JJ Gabriel: La Joya Paciente del Manchester United
El marcador decía 5-0, la grada pedía a gritos un nombre y, sin embargo, el chaval no se movió del banquillo. JJ Gabriel, 15 años, uno de los diamantes más brillantes de la academia del Manchester United, vio desde la banda cómo el primer equipo arrollaba al Rosenborg en Noruega… sin llegar a pisar el césped.
Para muchos aficionados fue una oportunidad perdida. Para él, simplemente un paso más en el camino.
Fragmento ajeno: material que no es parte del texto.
(* Let $\lambda\in\mathbb R$ with $\alpha=1-\lambda>0$, and let $\mathcal Q_\lambda$ be a $\lambda$-exponential family satisfying Assumptions A and B. Let $x_1,\dots,x_N\in\mathcal X$ satisfy $x_i\in S_\vartheta$ for all $i$ and all $\vartheta\in\operatorname{dom}\varphi_\lambda$. Let $J\ge1$, weights $\xi_{k,1},\dots,\xi_{k,J}\ge0$ summing to $1$ and parameters $\vartheta_{k,1},\dots,\vartheta_{k,J}\in\operatorname{dom}\varphi_\lambda$, and for $j\in\{1,\dots,J\}$ define $\gamma_{k,j}(x)=\frac{\xi_{k,j}q_{\vartheta_{k,j}}(x)}{\sum_{j'=1}^J\xi_{k,j'}q_{\vartheta_{k,j'}}(x)}$. Fix $j$, assume $\sum_{i'}\gamma_{k,j}(x_{i'})>0$, set $w_i=\gamma_{k,j}(x_i)/\sum_{i'=1}^N\gamma_{k,j}(x_{i'})$ and $\bar T=\sum_{i=1}^Nw_iT(x_i)$, and suppose there exists $\vartheta_{k+1,j}\in\operatorname{dom}\varphi_\lambda$ with $q^{(\alpha)}_{\vartheta_{k+1,j}}(T)=\bar T$. Let $F(\vartheta)=\sum_{i=1}^N\gamma_{k,j}(x_i)\log q_\vartheta(x_i)$. (i) If $\lambda=0$, $\vartheta_{k+1,j}$ maximizes $F$ over $\operatorname{dom}\varphi_\lambda$. (ii) If $\lambda<0$ (resp. $\lambda>0$), $\vartheta_{k+1,j}$ maximizes over $\operatorname{dom}\varphi_\lambda$ the function $\vartheta\mapsto\big(\sum_{i'}\gamma_{k,j}(x_{i'})\big)\big(c_\lambda(\vartheta,\bar T)-\varphi_\lambda(\vartheta)\big)$, which is a lower bound (resp. upper bound) of $F$ on $\operatorname{dom}\varphi_\lambda$.
   Context: $\mathcal H$ is a finite-dimensional real Hilbert space; $\mathcal X$ a measurable space with measure $m$; $p(f)=\int fp\,dm$. Conventions $\log s=-\infty$ for $s\le0$, $\exp(-\infty)=0$. Coupling $c_\lambda(u,v)=\frac1\lambda\log(1+\lambda\langle u,v\rangle)$ ($\lambda\ne0$), $c_0=\langle\cdot,\cdot\rangle$. For measurable $T:\mathcal X\to\mathcal H$: $\varphi_\lambda(\vartheta)=\log\int\exp(c_\lambda(\vartheta,T))dm$, $\operatorname{dom}\varphi_\lambda=\{\varphi_\lambda<+\infty\}$, $q_\vartheta=\exp(c_\lambda(\vartheta,T)-\varphi_\lambda(\vartheta))$, $\mathcal Q_\lambda=\{q_\vartheta:\vartheta\in\operatorname{dom}\varphi_\lambda\}$, support $S_\vartheta=\{x:1+\lambda\langle\vartheta,T(x)\rangle>0\}$. Escort $p^{(\alpha)}=p^\alpha/\int p^\alpha dm$; $p_{|Y}=p\mathbf 1_Y$. Compatibility: $p$ is $q_\vartheta$-compatible if $\int p_{|S_\vartheta}^\alpha dm\in(0,\infty)$ and $\int Tp_{|S_\vartheta}^\alpha dm$ has finite components; $\mathcal Q_\lambda$-compatible if for every $\vartheta\in\operatorname{dom}\varphi_\lambda$. Assumption A: $\alpha>0$ and $\varphi_\lambda$ proper (never $-\infty$, nonempty domain). Assumption B: there is a nonempty $S_\lambda$ with $S_\vartheta=S_\lambda$ for all $\vartheta\in\operatorname{dom}\varphi_\lambda$, and each $q_\vartheta\in\mathcal Q_\lambda$ is $\mathcal Q_\lambda$-compatible. *)

theory Defs
  imports "HOL-Analysis.Analysis"
begin

definition clam :: "real \<Rightarrow> 'h::euclidean_space \<Rightarrow> 'h \<Rightarrow> ereal" where
  "clam l u v = (if l = 0 then ereal (inner u v)
     else if 1 + l * inner u v > 0 then ereal (ln (1 + l * inner u v) / l) else -\<infinity>)"

definition expc :: "real \<Rightarrow> 'h::euclidean_space \<Rightarrow> 'h \<Rightarrow> real" where
  "expc l u v = (case clam l u v of ereal r \<Rightarrow> exp r | _ \<Rightarrow> 0)"

definition phi :: "'x measure \<Rightarrow> ('x \<Rightarrow> 'h::euclidean_space) \<Rightarrow> real \<Rightarrow> 'h \<Rightarrow> ereal" where
  "phi M T l th = (let I = (\<integral>\<^sup>+ x. ennreal (expc l th (T x)) \<partial>M) in
     if I = \<infinity> then \<infinity> else if I = 0 then -\<infinity> else ereal (ln (enn2real I)))"

definition dom_phi :: "'x measure \<Rightarrow> ('x \<Rightarrow> 'h::euclidean_space) \<Rightarrow> real \<Rightarrow> 'h set" where
  "dom_phi M T l = {th. phi M T l th < \<infinity>}"

text \<open>The density q_theta = exp(c_lambda(theta,T) - phi_lambda(theta)) (for theta in the domain, phi finite).\<close>
definition qdens :: "'x measure \<Rightarrow> ('x \<Rightarrow> 'h::euclidean_space) \<Rightarrow> real \<Rightarrow> 'h \<Rightarrow> 'x \<Rightarrow> real" where
  "qdens M T l th x = expc l th (T x) / exp (real_of_ereal (phi M T l th))"

definition supp :: "'x measure \<Rightarrow> ('x \<Rightarrow> 'h::euclidean_space) \<Rightarrow> real \<Rightarrow> 'h \<Rightarrow> 'x set" where
  "supp M T l th = {x \<in> space M. 1 + l * inner th (T x) > 0}"

definition compat :: "'x measure \<Rightarrow> ('x \<Rightarrow> 'h::euclidean_space) \<Rightarrow> real \<Rightarrow> real \<Rightarrow> ('x \<Rightarrow> real) \<Rightarrow> 'h \<Rightarrow> bool" where
  "compat M T l a p th \<longleftrightarrow>
     (let pS = (\<lambda>x. p x * indicator (supp M T l th) x) in
       (\<integral>\<^sup>+ x. ennreal ((pS x) powr a) \<partial>M) \<noteq> 0 \<and>
       (\<integral>\<^sup>+ x. ennreal ((pS x) powr a) \<partial>M) \<noteq> \<infinity> \<and>
       integrable M (\<lambda>x. ((pS x) powr a) *\<^sub>R T x))"

definition assumptionA :: "'x measure \<Rightarrow> ('x \<Rightarrow> 'h::euclidean_space) \<Rightarrow> real \<Rightarrow> real \<Rightarrow> bool" where
  "assumptionA M T l a \<longleftrightarrow> a > 0 \<and> (\<forall>th. phi M T l th \<noteq> -\<infinity>) \<and> dom_phi M T l \<noteq> {}"

definition assumptionB :: "'x measure \<Rightarrow> ('x \<Rightarrow> 'h::euclidean_space) \<Rightarrow> real \<Rightarrow> real \<Rightarrow> bool" where
  "assumptionB M T l a \<longleftrightarrow>
     (\<exists>S0. S0 \<noteq> {} \<and> (\<forall>th \<in> dom_phi M T l. supp M T l th = S0)) \<and>
     (\<forall>th \<in> dom_phi M T l. \<forall>th' \<in> dom_phi M T l. compat M T l a (qdens M T l th) th')"

definition escort_mean :: "'x measure \<Rightarrow> ('x \<Rightarrow> 'h::euclidean_space) \<Rightarrow> real \<Rightarrow> real \<Rightarrow> 'h \<Rightarrow> 'h" where
  "escort_mean M T l a th =
     (1 / (\<integral>x. (qdens M T l th x) powr a \<partial>M)) *\<^sub>R (\<integral>x. ((qdens M T l th x) powr a) *\<^sub>R T x \<partial>M)"

end

theory Submission
  imports Defs "HOL-Probability.Probability_Measure"
begin

(*
  Let eta be the escort mean of q_theta0. The identity
  q_theta0^alpha * (1 + lambda <theta0, T>) = Z(theta0)^lambda * q_theta0, with alpha = 1 - lambda,
  turns escort averages into ordinary q_theta0-averages. Jensen's inequality under q_theta0,
  for exp applied to <theta - theta0, T> when lambda = 0 and for t |-> t^(1/lambda) (convex because
  alpha > 0) applied to (1 + lambda <theta, T>) / (1 + lambda <theta0, T>) otherwise, then gives
  Z(theta) / Z(theta0) >= exp (c_lambda(theta, eta) - c_lambda(theta0, eta)): theta0 maximizes
  c_lambda(theta, eta) - phi_lambda(theta).
  The weighted log-likelihood F differs from this objective (scaled by the total weight) only in
  averaging c_lambda(theta, T x_i) instead of evaluating c_lambda at the average; as v |-> c_lambda(theta, v)
  is concave for lambda > 0, convex for lambda < 0 and linear for lambda = 0, finite Jensen yields the
  bounds, with equality when lambda = 0.
*)

lemma powr_convex_nonpos:
  assumes "p \<le> 0" shows "convex_on {0<..} (\<lambda>x::real. x powr p)"
proof (rule f''_ge0_imp_convex)
  show "((\<lambda>x. x powr p) has_real_derivative p * x powr (p - 1)) (at x)" if "x \<in> {0<..}" for x
    using that by (auto intro!: derivative_eq_intros)
  show "((\<lambda>x. p * x powr (p - 1)) has_real_derivative p * ((p - 1) * x powr (p - 2))) (at x)"
    if "x \<in> {0<..}" for x
    using that by (auto intro!: derivative_eq_intros simp: diff_diff_eq)
  show "0 \<le> p * ((p - 1) * x powr (p - 2))" for x
    using assms by (intro mult_nonpos_nonpos mult_nonpos_nonneg) auto
qed auto

lemma jensens_inequality_density:
  fixes f y :: "'a \<Rightarrow> real" and \<phi> :: "real \<Rightarrow> real"
  assumes f: "integrable M f" "\<And>x. x \<in> space M \<Longrightarrow> 0 \<le> f x" "(\<integral>x. f x \<partial>M) = 1"
    and y: "y \<in> borel_measurable M" "integrable M (\<lambda>x. f x * y x)"
    and \<phi>y: "(\<lambda>x. \<phi> (y x)) \<in> borel_measurable M" "integrable M (\<lambda>x. f x * \<phi> (y x))"
    and y_range: "AE x in M. 0 < f x \<longrightarrow> y x \<in> I"
    and I: "I = {a<..<b} \<or> I = {a<..} \<or> I = {..<b} \<or> I = UNIV"
    and \<phi>: "convex_on I \<phi>"
  shows "\<phi> (\<integral>x. f x * y x \<partial>M) \<le> (\<integral>x. f x * \<phi> (y x) \<partial>M)"
proof -
  have f_meas: "f \<in> borel_measurable M" and f_AE: "AE x in M. 0 \<le> f x"
    using f by auto
  interpret P: prob_space "density M f"
  proof
    have "emeasure (density M f) (space M) = (\<integral>\<^sup>+x. ennreal (f x) * indicator (space M) x \<partial>M)"
      using f_meas by (simp add: emeasure_density)
    also have "\<dots> = (\<integral>\<^sup>+x. ennreal (f x) \<partial>M)"
      by (rule nn_integral_cong) simp
    also have "\<dots> = 1"
      using f by (simp add: nn_integral_eq_integral)
    finally show "emeasure (density M f) (space (density M f)) = 1" by simp
  qed
  have "\<phi> (P.expectation y) \<le> P.expectation (\<lambda>x. \<phi> (y x))"
  proof (rule P.jensens_inequality[OF _ _ I _ \<phi>])
    show "integrable (density M f) y" "integrable (density M f) (\<lambda>x. \<phi> (y x))"
      using y \<phi>y by (simp_all add: integrable_density[OF _ f_meas f_AE])
    show "AE x in density M f. y x \<in> I"
      using y_range f_meas by (simp add: AE_density)
  qed
  then show ?thesis
    using y \<phi>y by (simp add: integral_density[OF _ f_meas f_AE])
qed

definition coupling :: "real \<Rightarrow> 'h::real_inner \<Rightarrow> 'h \<Rightarrow> real" where
  "coupling l u v = (if l = 0 then inner u v else ln (1 + l * inner u v) / l)"

lemma clam_eq_coupling: "0 < 1 + l * inner u v \<Longrightarrow> clam l u v = ereal (coupling l u v)"
  by (simp add: clam_def coupling_def)

lemma clam_eq_minf: "\<not> 0 < 1 + l * inner u v \<Longrightarrow> clam l u v = -\<infinity>"
  by (auto simp: clam_def)

lemma expc_eq_exp_coupling: "0 < 1 + l * inner u v \<Longrightarrow> expc l u v = exp (coupling l u v)"
  by (simp add: expc_def clam_eq_coupling)

lemma expc_eq_0: "\<not> 0 < 1 + l * inner u v \<Longrightarrow> expc l u v = 0"
  by (simp add: expc_def clam_eq_minf)

lemma expc_eq_powr:
  "l \<noteq> 0 \<Longrightarrow> 0 < 1 + l * inner u v \<Longrightarrow> expc l u v = (1 + l * inner u v) powr (1 / l)"
  by (simp add: expc_eq_exp_coupling coupling_def powr_def)

lemma expc_nonneg: "0 \<le> expc l u v"
  by (cases "0 < 1 + l * inner u v") (simp_all add: expc_eq_exp_coupling expc_eq_0)

lemma borel_measurable_expc [measurable]:
  assumes [measurable]: "T \<in> borel_measurable M"
  shows "(\<lambda>x. expc l u (T x)) \<in> borel_measurable M"
proof -
  have "expc l u v = (if 0 < 1 + l * inner u v then exp (coupling l u v) else 0)" for v
    by (simp add: expc_eq_exp_coupling expc_eq_0)
  then show ?thesis
    unfolding coupling_def by simp
qed

lemma coupling_convex_combination:
  fixes w :: "'i \<Rightarrow> real" and v :: "'i \<Rightarrow> 'h::real_inner"
  assumes I: "finite I" and w: "\<And>i. i \<in> I \<Longrightarrow> 0 \<le> w i" "sum w I = 1"
    and v: "\<And>i. i \<in> I \<Longrightarrow> 0 < 1 + l * inner u (v i)"
  shows convex_combination_pos: "0 < 1 + l * inner u (\<Sum>i\<in>I. w i *\<^sub>R v i)"
    and coupling_convex_combination_ge: "0 \<le> l \<Longrightarrow>
      (\<Sum>i\<in>I. w i * coupling l u (v i)) \<le> coupling l u (\<Sum>i\<in>I. w i *\<^sub>R v i)"
    and coupling_convex_combination_le: "l \<le> 0 \<Longrightarrow>
      coupling l u (\<Sum>i\<in>I. w i *\<^sub>R v i) \<le> (\<Sum>i\<in>I. w i * coupling l u (v i))"
proof -
  have I_ne: "I \<noteq> {}" using w by auto
  have affine: "1 + l * inner u (\<Sum>i\<in>I. w i *\<^sub>R v i) = (\<Sum>i\<in>I. w i * (1 + l * inner u (v i)))"
    using w by (simp add: inner_sum_right sum.distrib sum_distrib_left algebra_simps)
  show "0 < 1 + l * inner u (\<Sum>i\<in>I. w i *\<^sub>R v i)"
    using convex_sum[of I "{0<..}" w "\<lambda>i. 1 + l * inner u (v i)"] I w v by (simp add: affine)
  have ln_jensen: "(\<Sum>i\<in>I. w i * ln (1 + l * inner u (v i)))
      \<le> ln (1 + l * inner u (\<Sum>i\<in>I. w i *\<^sub>R v i))"
    using concave_on_sum[OF I I_ne ln_concave w(2) w(1), of "\<lambda>i. 1 + l * inner u (v i)"] v
    by (simp add: affine)
  have "l = 0 \<Longrightarrow> (\<Sum>i\<in>I. w i * coupling l u (v i)) = coupling l u (\<Sum>i\<in>I. w i *\<^sub>R v i)"
    by (simp add: coupling_def inner_sum_right)
  moreover have "(\<Sum>i\<in>I. w i * coupling l u (v i)) = (\<Sum>i\<in>I. w i * ln (1 + l * inner u (v i))) / l"
    if "l \<noteq> 0" using that by (simp add: coupling_def sum_divide_distrib)
  ultimately show "0 \<le> l \<Longrightarrow>
      (\<Sum>i\<in>I. w i * coupling l u (v i)) \<le> coupling l u (\<Sum>i\<in>I. w i *\<^sub>R v i)"
    and "l \<le> 0 \<Longrightarrow>
      coupling l u (\<Sum>i\<in>I. w i *\<^sub>R v i) \<le> (\<Sum>i\<in>I. w i * coupling l u (v i))"
    using ln_jensen by (auto simp: coupling_def divide_right_mono divide_right_mono_neg)
qed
Un talento precoz al que no le queman las prisas
Gabriel viene de una temporada en la que se saltó etapas con una naturalidad insultante. Con solo 15 años ya brillaba con los Under-18s, jugando por encima de su categoría y confirmando lo que en Carrington se comenta desde hace tiempo: están ante un talento especial.
El plan interno es claro. El club quiere acelerar su integración en la dinámica del primer equipo esta temporada bajo la batuta de Michael Carrick. La idea es que su debut absoluto llegue este mismo verano, en una pretemporada cargada de escaparates de lujo.
Rosenborg, amistoso, 5-0, partido resuelto pronto, un estadio entregado. El contexto parecía escrito para que el chico sumara sus primeros minutos con los mayores. Pero Carrick decidió otra cosa. Gabriel se quedó sentado todo el encuentro.
Las redes y los foros se llenaron de quejas. La hinchada lleva tiempo reclamando ver al joven en acción con los profesionales. La expectación es enorme. Sin embargo, el propio jugador, lejos del ruido, mantiene la calma y acepta el guion. Sabe que el calendario le dará más puertas que tocar.
Una generación que golpea fuerte
El triunfo ante Rosenborg fue, en realidad, una exhibición de la nueva ola de la cantera. Varios compañeros de Gabriel sí tuvieron su oportunidad… y no la desaprovecharon.
- Shea Lacey
- Jacob Devaney
- Harry Amass
- Ethan Williams
marcaron en un segundo tiempo que fue un escaparate perfecto para la energía y el descaro juvenil. Joshua Zirkzee, el único miembro consolidado del primer equipo que vio puerta, completó la goleada.
No fue un amistoso más. Fue un mensaje. Los chicos vienen empujando fuerte y no les tiembla el pulso.
Carrick lo reconoció sin rodeos al término del partido. Habló de un vestuario en el que los jóvenes “se expresan, son ellos mismos y se siguen exigiendo para ser mejores”. Subrayó que algunos tramos de la segunda parte le parecieron “realmente, realmente buenos”. Y dejó claro que su misión es mantener a todos, veteranos y canteranos, en ese estado de confianza en el que el futbolista se siente imparable.
En su lectura, los sénior aún están “encontrando su camino” en esta fase de preparación, pero el equipo se ha acostumbrado a encadenar buenos resultados y a convivir con esa sensación de dominio. Mientras, los chavales aprovechan cada minuto para reclamar un sitio.
Un verano lleno de ventanas abiertas
Para Gabriel, el mensaje es doble. No jugó en Noruega, sí, pero el verano apenas empieza. El calendario de amistosos del United no podría ser más exigente ni más atractivo: Atlético de Madrid, Paris Saint-Germain, Leeds y AC Milan esperan en las próximas semanas.
Cada uno de esos duelos es una oportunidad. Un escenario distinto, un tipo de exigencia diferente, un escaparate mundial. Carrick lo sabe. La dirección deportiva también. Y el propio Gabriel, pese a su edad, parece entender que su momento no se mide en un solo partido de julio.
En un club que ha construido buena parte de su identidad sobre la promoción de talento joven, la figura de un chico de 15 años que acepta esperar su turno dice mucho. Habla de carácter. De paciencia. De alguien que no quiere solo debutar, sino llegar para quedarse.
Mientras el ruido crece alrededor, él aguarda. Los goles de Lacey, Devaney, Amass y Williams en Trondheim solo aumentan la competencia… y el hambre. La puerta del primer equipo está entreabierta. La cuestión ya no es si JJ Gabriel la cruzará, sino en qué noche grande dará por fin el paso.